Monday 23 July 2012

Employee of the Month (2011)

Director: Olivier Beguin
Stars: Catriona MacColl and Manu Moser
This film was an official selection at the 8th annual International Horror & Sci-Fi Film Festival in Scottsdale in 2012. Here's an index to my reviews of 2012 films.
If I hadn't seen Folklore, this short Swiss comedy might have played better. As it is, I can't avoid the comparisons and, while it's not a bad little short, it loses out on all fronts except a single key one: it was made first. Like Folklore, it's a set of skits focused around a diverse group of mythical creatures being interviewed by someone working for an agency dedicated to helping them. This time out, it's the BRPML, or Bureau de Reconversion pour Mythes et Légendes. Yes, it's in French and it means that the agency provides counselors to help find suitable jobs for the supernatural. Like Folklore, some of the actors are better than others, but all are capable and most of them find a moment or two to shine. Like Folklore, there's no real attempt to have these creatures interact, instead allowing them to build their characters on their own. Unlike Folklore, however, its laughs are wildly inconsistent. There's funny stuff here, but you have to endure to get to it.

For a start, the names aren't particularly imaginative. Folklore wasn't entirely immune from that problem but its vampire was called MaryLane Heth rather than Vlad Pitt and it didn't stoop as low as having a character called Bob Zombie. British actress Catriona MacColl, who makes far more films in French than she does in English, is capable as the counselor tasked with dealing with all these characters, though her part is little more than a prop for them to work off. They all manage that well, but when we cut away to see their exploits in previous jobs, the cringe factor sets in. A few of the ideas are great, but most are tired and obvious. For every great idea, like having the zombie man a suicide hotline, there are a half dozen bad ones. How long did it take to come up with a vampire having problems in a French restaurant because of all the garlic? And why would anyone think that his being a lifeguard would be a bright idea, pun not intended?

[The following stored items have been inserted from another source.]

theorem mainTheorem7:
  fixes g :: "nat \<Rightarrow> real^'n \<Rightarrow> real" and r :: nat
    and f :: "real^'n \<Rightarrow> real" and d :: nat
  assumes g_poly: "\<forall>i\<in>{1..r}. is_poly (g i)"
    and archim: "in_qmodule g r (\<lambda>x. 1 - (norm x)^2)"
    and g_small: "\<forall>i\<in>{1..r}. supnorm (g i) \<le> 1/2"
    and S_ne: "semialg g r \<noteq> {}"
    and f_poly: "is_poly f"
    and f_deg: "poly_degree f = d"
    and fstar_pos: "Inf (f ` semialg g r) > 0"
    and neg: "\<exists>x\<in>cube - semialg g r. f x \<le> 0"
  shows "hausdorff_dist {x\<in>cube. f x \<le> 3 * Inf (f ` semialg g r) / 4} (semialg g r)
           \<ge> (Inf (f ` semialg g r) / supnorm f) / (8 * real d ^ 2)"
proof -
  define S where "S = semialg g r"
  define fstar where "fstar = Inf (f ` S)"
  define K where "K = 8 * real d ^ 2 * supnorm f"
  have f: "poly_fun_deg_le f d"
    using f_poly f_deg unfolding is_poly_def poly_degree_def by (metis LeastI_ex)
  have f_bound: "\<bar>f z\<bar> \<le> supnorm f" if "z \<in> cube" for z
    using abs_le_supnorm[OF poly_fun_continuous[OF f] that] .
  have S_cube: "S \<subseteq> cube"
    using semialg_subset_cball[OF archim] cball_subset_cube unfolding S_def by blast
  have S_ne': "S \<noteq> {}" and fstar_pos': "0 < fstar"
    using S_ne fstar_pos by (simp_all add: S_def fstar_def)
  have bdd: "bdd_below (f ` S)"
    using S_cube f_bound by (intro bdd_belowI2[of _ "- supnorm f"]) force
  obtain x0 where x0: "x0 \<in> cube" "f x0 \<le> 0"
    using neg by blast
  have fstar_le: "fstar \<le> K * dist x0 s" if "s \<in> S" for s
  proof -
    have "fstar \<le> f s"
      unfolding fstar_def using that bdd by (intro cInf_lower) auto
    also have "\<dots> \<le> \<bar>f s - f x0\<bar>"
      using x0(2) by simp
    also have "\<dots> \<le> K * dist x0 s"
      unfolding K_def using poly_fun_lipschitz_on_cube[OF f x0(1) _ f_bound] that S_cube by blast
    finally show ?thesis .
  qed
  obtain s0 where "s0 \<in> S"
    using S_ne' by blast
  then have "0 < K * dist x0 s0"
    using fstar_le fstar_pos' by fastforce
  then have "0 < K"
    by (simp add: zero_less_mult_iff)
  then have dist_ge: "fstar / K \<le> dist x0 s" if "s \<in> S" for s
    using fstar_le[OF that] by (simp add: divide_le_eq mult.commute)
  have "(fstar / supnorm f) / (8 * real d ^ 2) = fstar / K"
    by (simp add: K_def mult.commute)
  also have "\<dots> \<le> infdist x0 S"
    unfolding infdist_notempty[OF S_ne'] by (rule cINF_greatest[OF S_ne' dist_ge])
  also have "\<dots> \<le> hausdorff_dist {x\<in>cube. f x \<le> 3 * fstar / 4} S"
  proof (rule infdist_le_hausdorff_dist[OF _ _ S_ne'])
    show "x0 \<in> {x\<in>cube. f x \<le> 3 * fstar / 4}"
      using x0 fstar_pos' by simp
    show "bounded {x\<in>cube. f x \<le> 3 * fstar / 4}"
      by (rule bounded_subset[of cube]) (auto simp: cube_eq_cbox)
  qed
  finally show ?thesis
    unfolding S_def fstar_def .
qed
lemma deg_quot_ideal_insert:
  assumes X: "X \<subseteq> proj_space" "finite X" and f: "homogeneous d f" and "V_X X f \<noteq> {}"
  shows "deg_quot (ideal_gen (insert f (vanishing_ideal X))) = card (V_X X f)"
proof -
  obtain Q where Q: "Q \<in> X" "peval f (rep Q) = 0"
    using \<open>V_X X f \<noteq> {}\<close> by (auto simp: V_X_eq[OF X(1) f])
  show ?thesis
  proof (rule deg_quot_eq_card[OF X _ _ _ ideal_insert_subset_point_ideal[OF X(1) f Q]])
    show "vanishing_ideal X \<subseteq> ideal_gen (insert f (vanishing_ideal X))"
      using ideal_gen_subset by blast
    show "D \<ge> d + card X \<Longrightarrow> ideal_gen (insert f (vanishing_ideal X)) \<inter> S_deg D
        = {g \<in> S_deg D. \<forall>P\<in>V_X X f. peval g (rep P) = 0}" for D
      using ideal_insert_Int_S_deg[OF X f] by blast
  qed (use Q in \<open>auto simp: V_X_eq[OF X(1) f]\<close>)
qed

section \<open>Zero divisors modulo the vanishing ideal\<close>

lemma colon_vanishing_ideal_eq:
  assumes X: "X \<subseteq> proj_space" and f: "homogeneous d f" and "V_X X f = {}"
  shows "colon (vanishing_ideal X) f = vanishing_ideal X"
proof
  show "vanishing_ideal X \<subseteq> colon (vanishing_ideal X) f"
    by (auto simp: colon_def intro: ideal_mult_right[OF is_ideal_vanishing_ideal])
next
  show "colon (vanishing_ideal X) f \<subseteq> vanishing_ideal X"
  proof
    fix g assume "g \<in> colon (vanishing_ideal X) f"
    then have "line_poly (rep Q) g * line_poly (rep Q) f = 0" if "Q \<in> X" for Q
      using that by (auto simp: colon_def vanishing_ideal_eq[OF X] point_ideal_def line_poly_mult)
    moreover have "line_poly (rep Q) f \<noteq> 0" if "Q \<in> X" for Q
      using \<open>V_X X f = {}\<close> that by (auto simp: V_X_eq[OF X f] line_poly_homogeneous[OF f])
    ultimately show "g \<in> vanishing_ideal X"
      by (auto simp: vanishing_ideal_eq[OF X] point_ideal_def)
  qed
qed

Folklore was consistently funny, in a very dry British sense, and as much as the supernatural folk worked off the interviewers, the interviewers worked right back off them. Here, the counselor has little to do, so much so that she ends up repeating jokes in a short film. The imagination is solid but the writing is mostly cheap, surprising given that the co-writers have each done better work. Director Olivier Beguin also wrote Dead Bones, featuring Ken Foree, which wasn't high art but was still far more consistent than this. His co-writer Colin Vettier also wrote 36ème sous-sol, not a particularly surprising film but a well written one nonetheless. It didn't have to put a ghost in a Hawaiian shirt to make up for a lack of substance. Folklore was so brimming with character that I found it impossible to pick a favourite. Whenever I picked one, I wanted to switch it to another. Here it's tough for the opposite reason: I couldn't pick one to begin with.